Now? Who knows what to think.

You can already draw a line through Cole and Peraza. They’re on the shelf for a while, and even though Cole said he felt “pretty good” about the diagnosis of nerve inflammation, he’s still going to be out until late May or early June. That still wasn’t enough to convince the Yankees to take one final swing at Blake Snell, who agreed to a two-year, $62 million deal with the Giants late Monday night. Hal Steinbrenner was never crazy about paying a 110% tax on what turned out to be a $31 million annual salary for Snell, so instead everyone moves up — Nestor Cortes takes over Opening Day duty in Houston — and they’ll be hoping for credible depth options in either Will Warren or Luis Gil as the No. 5 starter.

When it comes to Judge and LeMahieu, those are hardly clear-cut cases. We’ll take Judge first, under the presumption that he’ll be in Wednesday night’s lineup against the Pirates at The Boss. Let’s see what happens around 3 p.m. that afternoon. This is the third time in nine days manager Aaron Boone said that Judge would play in a Grapefruit League game, only to eat those words on the previous two occasions (the others being March 13 and 16). It was Judge who first provided the details of what was bothering him — two days after both he and Boone denied anything was wrong — while revealing that the MRI (surprise!) didn’t show any damage to the area.

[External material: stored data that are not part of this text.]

lemma polys_in_mult:
  fixes p q :: "'a::comm_ring_1 mpoly"
  assumes "p \<in> polys_in N" "q \<in> polys_in N"
  shows "p * q \<in> polys_in N"
  unfolding polys_in_def
proof (intro CollectI ballI)
  fix m assume "m \<in> Poly_Mapping.keys (p * q)"
  then obtain a b where "m = a + b" "a \<in> Poly_Mapping.keys p" "b \<in> Poly_Mapping.keys q"
    using keys_mult by blast
  moreover have "Poly_Mapping.keys (a + b) \<subseteq> Poly_Mapping.keys a \<union> Poly_Mapping.keys b"
    by (rule keys_add)
  ultimately show "Poly_Mapping.keys m \<subseteq> {..<N}"
    using assms unfolding polys_in_def by blast
qed

lemma polys_in_uminus: "p \<in> polys_in N \<Longrightarrow> - p \<in> polys_in N"
  unfolding polys_in_def by simp

lemma polys_in_diff: "p \<in> polys_in N \<Longrightarrow> q \<in> polys_in N \<Longrightarrow> p - q \<in> polys_in N"
  unfolding diff_conv_add_uminus by (intro polys_in_add polys_in_uminus)

lemma polys_in_const: "Poly_Mapping.single 0 c \<in> polys_in N"
  unfolding polys_in_def by simp

lemma polys_in_zero: "0 \<in> polys_in N"
  unfolding polys_in_def by simp

lemma polys_in_one: "1 \<in> polys_in N"
  using polys_in_const[of 1] by simp

lemma polys_in_Var: "i < N \<Longrightarrow> Var i \<in> polys_in N"
  unfolding polys_in_def Var_def by simp

lemma ideal_genI:
  assumes "finite F" "F \<subseteq> G" "\<And>g. g \<in> F \<Longrightarrow> c g \<in> polys_in N" "p = (\<Sum>g\<in>F. c g * g)"
  shows "p \<in> ideal_gen N G"
  unfolding ideal_gen_def using assms by (intro CollectI exI[of _ F] exI[of _ c]) blast

lemma ideal_genE:
  assumes "p \<in> ideal_gen N G"
  obtains F c where "finite F" "F \<subseteq> G" "\<And>g. g \<in> F \<Longrightarrow> c g \<in> polys_in N" "p = (\<Sum>g\<in>F. c g * g)"
  using assms unfolding ideal_gen_def by blast

lemma ideal_gen_zero: "0 \<in> ideal_gen N G"
  by (rule ideal_genI[where F = "{}"]) simp_all

lemma ideal_gen_base: "g \<in> G \<Longrightarrow> g \<in> ideal_gen N G"
  by (rule ideal_genI[where F = "{g}" and c = "\<lambda>_. 1"]) (simp_all add: polys_in_one)

lemma ideal_gen_add:
  assumes "p \<in> ideal_gen N G" "q \<in> ideal_gen N G"
  shows "p + q \<in> ideal_gen N G"
proof -
  obtain F1 c1 where F1: "finite F1" "F1 \<subseteq> G" "\<And>g. g \<in> F1 \<Longrightarrow> c1 g \<in> polys_in N"
    and p: "p = (\<Sum>g\<in>F1. c1 g * g)"
    by (rule ideal_genE[OF assms(1)]) blast
  obtain F2 c2 where F2: "finite F2" "F2 \<subseteq> G" "\<And>g. g \<in> F2 \<Longrightarrow> c2 g \<in> polys_in N"
    and q: "q = (\<Sum>g\<in>F2. c2 g * g)"
    by (rule ideal_genE[OF assms(2)]) blast
  define c where "c g = (if g \<in> F1 then c1 g else 0) + (if g \<in> F2 then c2 g else 0)" for g
  have "c g * g = (if g \<in> F1 then c1 g * g else 0) + (if g \<in> F2 then c2 g * g else 0)" for g
    by (simp add: c_def distrib_right)
  then have "(\<Sum>g\<in>F1 \<union> F2. c g * g) = (\<Sum>g\<in>F1 \<union> F2. if g \<in> F1 then c1 g * g else 0)
      + (\<Sum>g\<in>F1 \<union> F2. if g \<in> F2 then c2 g * g else 0)"
    by (simp add: sum.distrib)
  also have "\<dots> = p + q"
    using F1(1) F2(1) unfolding p q by (simp add: sum.inter_restrict[symmetric] Int_absorb1)
  finally have sum_eq: "p + q = (\<Sum>g\<in>F1 \<union> F2. c g * g)" ..
  have "c g \<in> polys_in N" for g
  proof -
    have "(if g \<in> F1 then c1 g else 0) \<in> polys_in N"
      using F1(3) by (simp add: polys_in_zero)
    moreover have "(if g \<in> F2 then c2 g else 0) \<in> polys_in N"
      using F2(3) by (simp add: polys_in_zero)
    ultimately show ?thesis
      unfolding c_def by (rule polys_in_add)
  qed
  then show ?thesis
    using F1(1,2) F2(1,2) sum_eq by (intro ideal_genI[of "F1 \<union> F2"]) simp_all
qed

lemma ideal_gen_mult:
  assumes "q \<in> polys_in N" "p \<in> ideal_gen N G"
  shows "q * p \<in> ideal_gen N G"
proof -
  obtain F c where F: "finite F" "F \<subseteq> G" "\<And>g. g \<in> F \<Longrightarrow> c g \<in> polys_in N"
    and p: "p = (\<Sum>g\<in>F. c g * g)"
    by (rule ideal_genE[OF assms(2)]) blast
  have "q * p = (\<Sum>g\<in>F. (q * c g) * g)"
    unfolding p by (simp add: sum_distrib_left mult.assoc)
  moreover have "q * c g \<in> polys_in N" if "g \<in> F" for g
    by (rule polys_in_mult[OF assms(1) F(3)[OF that]])
  ultimately show ?thesis
    by (intro ideal_genI[OF F(1,2)])
qed

lemma ideal_gen_diff:
  assumes "p \<in> ideal_gen N G" "q \<in> ideal_gen N G"
  shows "p - q \<in> ideal_gen N G"
proof -
  have "- 1 * q \<in> ideal_gen N G"
    by (rule ideal_gen_mult[OF polys_in_uminus[OF polys_in_one] assms(2)])
  then have "- q \<in> ideal_gen N G"
    by simp
  then have "p + - q \<in> ideal_gen N G"
    by (rule ideal_gen_add[OF assms(1)])
  then show ?thesis
    by simp
qed

lemma ideal_gen_sum:
  "(\<And>x. x \<in> A \<Longrightarrow> f x \<in> ideal_gen N G) \<Longrightarrow> sum f A \<in> ideal_gen N G"
  by (induction A rule: infinite_finite_induct) (auto simp: ideal_gen_zero ideal_gen_add)

lemma ideal_gen_least: "G \<subseteq> ideal_gen N H \<Longrightarrow> ideal_gen N G \<subseteq> ideal_gen N H"
  by (auto elim!: ideal_genE intro!: ideal_gen_sum ideal_gen_mult)

lemma ideal_gen_cancel_of_nat:
  fixes p :: "'a::field mpoly"
  assumes "of_nat c * p \<in> ideal_gen N G" "(of_nat c :: 'a) \<noteq> 0"
  shows "p \<in> ideal_gen N G"
proof -
  let ?u = "Poly_Mapping.single 0 (inverse (of_nat c :: 'a))"
  have "?u * of_nat c = 1"
    using assms(2) by (simp flip: single_of_nat add: mult_single)
  then have "?u * (of_nat c * p) = p"
    by (metis mult.assoc mult_1)
  moreover have "?u * (of_nat c * p) \<in> ideal_gen N G"
    by (rule ideal_gen_mult[OF polys_in_const assms(1)])
  ultimately show ?thesis
    by (simp only:)
qed

definition sqfree_exp :: "nat set \<Rightarrow> (nat \<Rightarrow>\<^sub>0 nat)" where
  "sqfree_exp S = (\<Sum>i\<in>S. Poly_Mapping.single i 1)"

definition sqfree_monom :: "nat set \<Rightarrow> 'a::comm_ring_1 mpoly" where
  "sqfree_monom S = Poly_Mapping.single (sqfree_exp S) 1"

definition esym :: "nat set \<Rightarrow> nat \<Rightarrow> 'a::comm_ring_1 mpoly" where
  "esym B k = (\<Sum>S\<in>{S. S \<subseteq> B \<and> card S = k}. sqfree_monom S)"

lemma lookup_sqfree_exp: "finite S \<Longrightarrow> Poly_Mapping.lookup (sqfree_exp S) j = (if j \<in> S then 1 else 0)"
  unfolding sqfree_exp_def lookup_sum lookup_single when_def by (simp add: sum.delta)

lemma keys_sqfree_exp: "finite S \<Longrightarrow> Poly_Mapping.keys (sqfree_exp S) = S"
  by (rule set_eqI) (simp add: in_keys_iff lookup_sqfree_exp)

lemma sqfree_monom_empty: "sqfree_monom {} = 1"
  unfolding sqfree_monom_def sqfree_exp_def by simp

lemma sqfree_monom_insert:
  "finite S \<Longrightarrow> i \<notin> S \<Longrightarrow> sqfree_monom (insert i S) = Var i * sqfree_monom S"
  unfolding sqfree_monom_def Var_def sqfree_exp_def by (simp add: mult_single)

lemma prod_Var_eq_sqfree_monom: "finite S \<Longrightarrow> (\<Prod>i\<in>S. Var i) = sqfree_monom S"
  by (induction S rule: finite_induct) (simp_all add: sqfree_monom_empty sqfree_monom_insert)

lemma rename_mono_sqfree_exp:
  assumes "finite S" "inj_on \<sigma> S"
  shows "rename_mono \<sigma> (sqfree_exp S) = sqfree_exp (\<sigma> ` S)"
proof -
  have "rename_mono \<sigma> (sqfree_exp S) = (\<Sum>i\<in>S. Poly_Mapping.single (\<sigma> i) 1)"
    unfolding rename_mono_def keys_sqfree_exp[OF assms(1)]
    by (rule sum.cong) (simp_all add: lookup_sqfree_exp assms(1))
  also have "\<dots> = sqfree_exp (\<sigma> ` S)"
    unfolding sqfree_exp_def by (simp add: sum.reindex[OF assms(2)] o_def)
  finally show ?thesis .
qed

lemma perm_act_eq_sum_superset:
  assumes "finite K" "Poly_Mapping.keys p \<subseteq> K"
  shows "perm_act \<sigma> p = (\<Sum>m\<in>K. Poly_Mapping.single (rename_mono \<sigma> m) (Poly_Mapping.lookup p m))"
  unfolding perm_act_def
  by (rule sum.mono_neutral_left) (use assms in \<open>auto simp: in_keys_iff\<close>)

lemma perm_act_add: "perm_act \<sigma> (p + q) = perm_act \<sigma> p + perm_act \<sigma> q"
proof -
  let ?K = "Poly_Mapping.keys p \<union> Poly_Mapping.keys q"
  let ?t = "\<lambda>r m. Poly_Mapping.single (rename_mono \<sigma> m) (Poly_Mapping.lookup r m)"
  have "perm_act \<sigma> (p + q) = (\<Sum>m\<in>?K. ?t (p + q) m)"
    by (rule perm_act_eq_sum_superset[OF _ keys_add]) simp
  also have "\<dots> = (\<Sum>m\<in>?K. ?t p m + ?t q m)"
    by (simp only: lookup_add single_add)
  also have "\<dots> = (\<Sum>m\<in>?K. ?t p m) + (\<Sum>m\<in>?K. ?t q m)"
    by (rule sum.distrib)
  also have "\<dots> = perm_act \<sigma> p + perm_act \<sigma> q"
    by (simp only: perm_act_eq_sum_superset[of ?K] finite_Un finite_keys Un_upper1 Un_upper2)
  finally show ?thesis .
qed

lemma perm_act_zero: "perm_act \<sigma> 0 = 0"
  unfolding perm_act_def by simp

lemma perm_act_sum: "perm_act \<sigma> (sum f A) = (\<Sum>x\<in>A. perm_act \<sigma> (f x))"
  by (induction A rule: infinite_finite_induct) (simp_all add: perm_act_zero perm_act_add)

lemma perm_act_sqfree_monom:
  "finite S \<Longrightarrow> inj_on \<sigma> S \<Longrightarrow> perm_act \<sigma> (sqfree_monom S) = sqfree_monom (\<sigma> ` S)"
  unfolding perm_act_def sqfree_monom_def by (simp add: rename_mono_sqfree_exp)

lemma elem_sym_eq_esym: "elem_sym n d = esym {..<n} d"
  unfolding elem_sym_def esym_def
  by (rule sum.cong) (auto intro: prod_Var_eq_sqfree_monom finite_subset)

lemma esym_card: "finite S \<Longrightarrow> esym S (card S) = sqfree_monom S"
proof -
  assume "finite S"
  then have "{T. T \<subseteq> S \<and> card T = card S} = {S}"
    using card_subset_eq by blast
  then show ?thesis
    unfolding esym_def by simp
qed

lemma esym_0:
  assumes "finite B"
  shows "esym B 0 = 1"
proof -
  have "{S. S \<subseteq> B \<and> card S = 0} = {{}}"
    using assms by (auto simp: card_eq_0_iff dest: finite_subset)
  then show ?thesis
    by (simp add: esym_def sqfree_monom_empty)
qed

lemma esym_insert:
  assumes "finite B" "a \<notin> B"
  shows "esym (insert a B) (Suc k) = esym B (Suc k) + Var a * esym B k"
proof -
  let ?Sub = "\<lambda>j. {S. S \<subseteq> B \<and> card S = j}"
  have split: "{S. S \<subseteq> insert a B \<and> card S = Suc k} = ?Sub (Suc k) \<union> insert a ` ?Sub k"
  proof (intro equalityI subsetI)
    fix S assume S: "S \<in> {S. S \<subseteq> insert a B \<and> card S = Suc k}"
    show "S \<in> ?Sub (Suc k) \<union> insert a ` ?Sub k"
    proof (cases "a \<in> S")
      case True
      then have "S = insert a (S - {a})" by auto
      moreover have "S - {a} \<in> ?Sub k"
        using S True assms(1) finite_subset[of S "insert a B"] by auto
      ultimately show ?thesis by blast
    qed (use S in auto)
  qed (use assms finite_subset[of _ B] in \<open>auto simp: card_insert_if\<close>)
  have inj: "inj_on (insert a) (?Sub k)"
    using assms(2) by (intro inj_onI) (metis insert_ident mem_Collect_eq subsetD)
  have "esym (insert a B) (Suc k) = esym B (Suc k) + (\<Sum>S\<in>insert a ` ?Sub k. sqfree_monom S)"
    unfolding esym_def split using assms by (intro sum.union_disjoint) auto
  also have "(\<Sum>S\<in>insert a ` ?Sub k. sqfree_monom S) = Var a * esym B k"
    unfolding esym_def sum.reindex[OF inj] sum_distrib_left
    by (rule sum.cong) (use assms finite_subset in \<open>auto intro!: sqfree_monom_insert\<close>)
  finally show ?thesis .
qed

lemma perm_act_esym:
  assumes "finite A" "inj \<sigma>"
  shows "perm_act \<sigma> (esym A k) = esym (\<sigma> ` A) k"
proof -
  let ?Sub = "\<lambda>A. {S. S \<subseteq> A \<and> card S = k}"
  have inj_on_subsets: "inj_on ((`) \<sigma>) (?Sub A)"
    using assms(2) by (intro inj_onI) (simp add: inj_image_eq_iff)
  have image_subsets: "?Sub (\<sigma> ` A) = (`) \<sigma> ` ?Sub A"
  proof (intro equalityI subsetI)
    fix T assume T: "T \<in> ?Sub (\<sigma> ` A)"
    then obtain S where "S \<subseteq> A" "T = \<sigma> ` S"
      by (auto simp: subset_image_iff)
    with T assms(2) show "T \<in> (`) \<sigma> ` ?Sub A"
      by (auto simp: card_image inj_on_subset)
  next
    fix T assume "T \<in> (`) \<sigma> ` ?Sub A"
    then show "T \<in> ?Sub (\<sigma> ` A)"
      using assms(2) by (auto simp: card_image inj_on_subset)
  qed
  have "perm_act \<sigma> (esym A k) = (\<Sum>S\<in>?Sub A. sqfree_monom (\<sigma> ` S))"
    unfolding esym_def perm_act_sum
    using assms by (intro sum.cong) (auto intro: perm_act_sqfree_monom finite_subset inj_on_subset)
  also have "\<dots> = esym (\<sigma> ` A) k"
    unfolding esym_def by (rule sum.reindex_cong[OF inj_on_subsets image_subsets refl, symmetric])
  finally show ?thesis .
qed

The company line regarding Judge is that he’ll be ready for the March 28 opener against the Astros at Minute Maid Park. But that doesn’t mean much until the Yankees’ captain actually appears in a game of any kind. Or even somewhere he can be spotted swinging a bat, as Judge has not done so outdoors since leaving that March 10 game after a pair of strikeouts.

Back when this whole saga began, Judge said he typically requires roughly 30 Grapefruit League at-bats to get up to speed for the regular season. As of now, he’s stuck on 14, with two hits, a double and five Ks to his credit. The Yankees have six games remaining, including three of the split-squad variety (two being in Mexico City) so Judge might fall short of his number, but could still make up the difference facing the high-velocity machines at Steinbrenner.

“Being cautious,” Boone said of slow-pedaling Judge’s recovery. “Don’t want this to turn into something real.”

When it’s Judge, and it’s a core muscle situation, it’s "real" enough. He’s already conceded that this problem likely surfaced from the combination of too many BP swings and compensating for last season’s toe injury, which cost him seven weeks on the IL. Hearing the toe come up again 10 months later can’t be a comforting thought for the Yankees, and a core issue, for someone as powerful as Judge, is something that will have Boone holding his breath on each swing over the next week.

Realistically, Judge isn’t out of the woods yet, despite Boone’s optimism (he’s tricked us before). And the fact that the manager struck a far more serious tone on LeMahieu — Boone used the word “significant” — moves him from questionable to doubtful in our mind for Opening Day. The clock is working against the Yankees at this point, and it doesn’t help that LeMahieu’s bone bruise is on the same right (back) foot that was impacted by the toe ligament damage from two years ago. The lingering fallout from that injury bothered LeMahieu into the All-Star break last season, so the Yankees are going to be super-careful with him this time around.

That points to more of an extended rest and conservative ramp-up, which could then delay LeMahieu into April. Unlike Judge, LeMahieu does have more reps (6-for-27, one double in 10 games) so he was feasibly closer to season-ready. But if he can’t get back into some sort of game-action in Florida, the Yankees sound hesitant to push his recovery process, especially after what he’s been through the past two seasons on that same foot.

“I’m not going to have him playing through anything initially,” Boone said. “Because I feel like that’s where you start compensating and then you start putting other parts of the body — and that foot even — in jeopardy.”

In the meantime, the Yankees will be doing their own compensating for missing these key pieces. And this season is already feeling a bit too familiar — in a bad way.